lemma is_sink_face_iff_half:
  assumes D: "orientation n D" and J: "J \<subseteq> {..<n}" and j: "j \<in> J"
    and towards: "combed_towards n D J v j b"
  shows "is_sink D (face n J v) s \<longleftrightarrow> is_sink D {u \<in> face n J v. (j \<in> u) = b} s"
proof
  assume sink: "is_sink D (face n J v) s"
  then have s: "s \<in> face n J v"
    by (simp add: is_sink_def)
  have "(j \<in> s) = b"
  proof (rule ccontr)
    assume "(j \<in> s) \<noteq> b"
    then have "(s, symdiff s {j}) \<in> D"
      using towards s unfolding combed_towards_def by blast
    moreover have "(symdiff s {j}, s) \<in> D"
      using sink symdiff_singleton_in_face[OF s j] j J adjacent_symdiff_singleton
      unfolding is_sink_def by blast
    ultimately show False
      using orientation_asym[OF D] by blast
  qed
  then show "is_sink D {u \<in> face n J v. (j \<in> u) = b} s"
    using sink unfolding is_sink_def by blast
next
  assume sink: "is_sink D {u \<in> face n J v. (j \<in> u) = b} s"
  show "is_sink D (face n J v) s"
    unfolding is_sink_def
  proof (intro conjI ballI impI)
    fix u assume u: "u \<in> face n J v" "adjacent s u"
    show "(u, s) \<in> D"
    proof (cases "(j \<in> u) = b")
      case True
      then show ?thesis using sink u unfolding is_sink_def by blast
    next
      case False
      then have "s = symdiff u {j}"
        using sink u(2) adjacent_across[of u s j] adjacent_sym unfolding is_sink_def by blast
      then show ?thesis
        using towards u(1) False unfolding combed_towards_def by blast
    qed
  qed (use sink in \<open>simp add: is_sink_def\<close>)
qed

lemma decomposable_orientation: "decomposable n D \<Longrightarrow> orientation n D"
  by (simp add: decomposable_def)

lemma decomposable_combed:
  assumes "decomposable n D" "J \<subseteq> {..<n}" "v \<in> cube n" "J \<noteq> {}"
  obtains j b where "j \<in> J" "combed_towards n D J v j b"
proof -
  have "1 \<le> card J"
    using assms(2,4) finite_subset[OF assms(2)] by (simp add: Suc_le_eq card_gt_0_iff)
  then obtain j where "j \<in> J" "combed n D J v j"
    using assms(1-3) unfolding decomposable_def by blast
  then show ?thesis
    using combed_imp_combed_towards that by blast
qed

lemma half_vertex_in_cube:
  "v \<in> cube n \<Longrightarrow> j < n \<Longrightarrow> (if b then insert j v else v - {j}) \<in> cube n"
  by (auto simp: cube_def)

lemma decomposable_unique_sink:
  assumes dec: "decomposable n D"
  shows "J \<subseteq> {..<n} \<Longrightarrow> v \<in> cube n \<Longrightarrow> \<exists>!s. is_sink D (face n J v) s"
proof (induction "card J" arbitrary: J v)
  case 0
  then have "face n J v = {v}"
    using finite_subset[of J "{..<n}"] face_empty by auto
  then show ?case
    unfolding is_sink_def using adjacent_irrefl by auto
next
  case (Suc k)
  then have "J \<noteq> {}"
    by auto
  then obtain j b where j: "j \<in> J" and towards: "combed_towards n D J v j b"
    using decomposable_combed[OF dec Suc.prems] by blast
  let ?w = "if b then insert j v else v - {j}"
  have "\<exists>!s. is_sink D (face n (J - {j}) ?w) s"
    using Suc j half_vertex_in_cube[of v n j b] by (intro Suc.hyps) auto
  moreover have "is_sink D (face n J v) s \<longleftrightarrow> is_sink D (face n (J - {j}) ?w) s" for s
    using is_sink_face_iff_half[OF decomposable_orientation[OF dec] Suc.prems(1) j towards]
    by (simp add: face_half[OF j])
  ultimately show ?case
    by blast
qed

lemma decomposable_imp_uso: "decomposable n D \<Longrightarrow> uso n D"
  unfolding uso_def using decomposable_orientation decomposable_unique_sink by blast

section \<open>Counting restrictions to faces\<close>

definition edges_across :: "nat \<Rightarrow> nat set \<Rightarrow> nat set \<Rightarrow> nat \<Rightarrow> bool \<Rightarrow> (nat set \<times> nat set) set" where
  "edges_across n J v j b = {(u, symdiff u {j}) | u. u \<in> face n J v \<and> (j \<in> u) \<noteq> b}"

lemma edges_across_subset:
  assumes "J \<subseteq> {..<n}" "j \<in> J" "combed_towards n D J v j b"
  shows "edges_across n J v j b \<subseteq> D \<inter> (face n J v \<times> face n J v)"
proof
  fix e assume "e \<in> edges_across n J v j b"
  then obtain u where e: "e = (u, symdiff u {j})" and u: "u \<in> face n J v" "(j \<in> u) \<noteq> b"
    unfolding edges_across_def by blast
  have "symdiff u {j} \<in> face n J v"
    using symdiff_singleton_in_face[OF u(1)] assms(1,2) by blast
  then show "e \<in> D \<inter> (face n J v \<times> face n J v)"
    using assms(3) u e unfolding combed_towards_def by blast
qed

lemma restriction_split:
  assumes D: "orientation n D" and J: "J \<subseteq> {..<n}" and j: "j \<in> J"
    and towards: "combed_towards n D J v j b"
  defines "H c \<equiv> {u \<in> face n J v. (j \<in> u) = c}"
  shows "D \<inter> (face n J v \<times> face n J v) =
    D \<inter> (H False \<times> H False) \<union> D \<inter> (H True \<times> H True) \<union> edges_across n J v j b"
    (is "_ = ?S")
proof (rule equalityI)
  show "D \<inter> (face n J v \<times> face n J v) \<subseteq> ?S"
  proof
    fix p assume p: "p \<in> D \<inter> (face n J v \<times> face n J v)"
    then obtain a c where ac: "p = (a, c)" "(a, c) \<in> D" "a \<in> face n J v" "c \<in> face n J v"
      by auto
    show "p \<in> ?S"
    proof (cases "(j \<in> a) = (j \<in> c)")
      case True
      have "a \<in> H (j \<in> a)" "c \<in> H (j \<in> a)"
        using ac True unfolding H_def by auto
      then show ?thesis
        using ac by (cases "j \<in> a") auto
    next
      case False
      then have c: "c = symdiff a {j}"
        using adjacent_across orientation_adjacent[OF D ac(2)] by blast
      have "(j \<in> a) \<noteq> b"
      proof
        assume "(j \<in> a) = b"
        then have "(c, a) \<in> D"
          using towards ac(4) False c symdiff_symdiff_singleton unfolding combed_towards_def by fastforce
        then show False
          using orientation_asym[OF D ac(2)] by blast
      qed
      then show ?thesis
        using ac c unfolding edges_across_def by blast
    qed
  qed
  have "H c \<subseteq> face n J v" for c
    unfolding H_def by blast
  then show "?S \<subseteq> D \<inter> (face n J v \<times> face n J v)"
    using edges_across_subset[OF J j towards] by blast
qed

What you have to do:
Every line that contains "False" should be copied out of the data.

Result for this exercise:
    ultimately show False
      case False
        using towards u(1) False unfolding combed_towards_def by blast
    D \<inter> (H False \<times> H False) \<union> D \<inter> (H True \<times> H True) \<union> edges_across n J v j b"
      case False
          using towards ac(4) False c symdiff_symdiff_singleton unfolding combed_towards_def by fastforce
        then show False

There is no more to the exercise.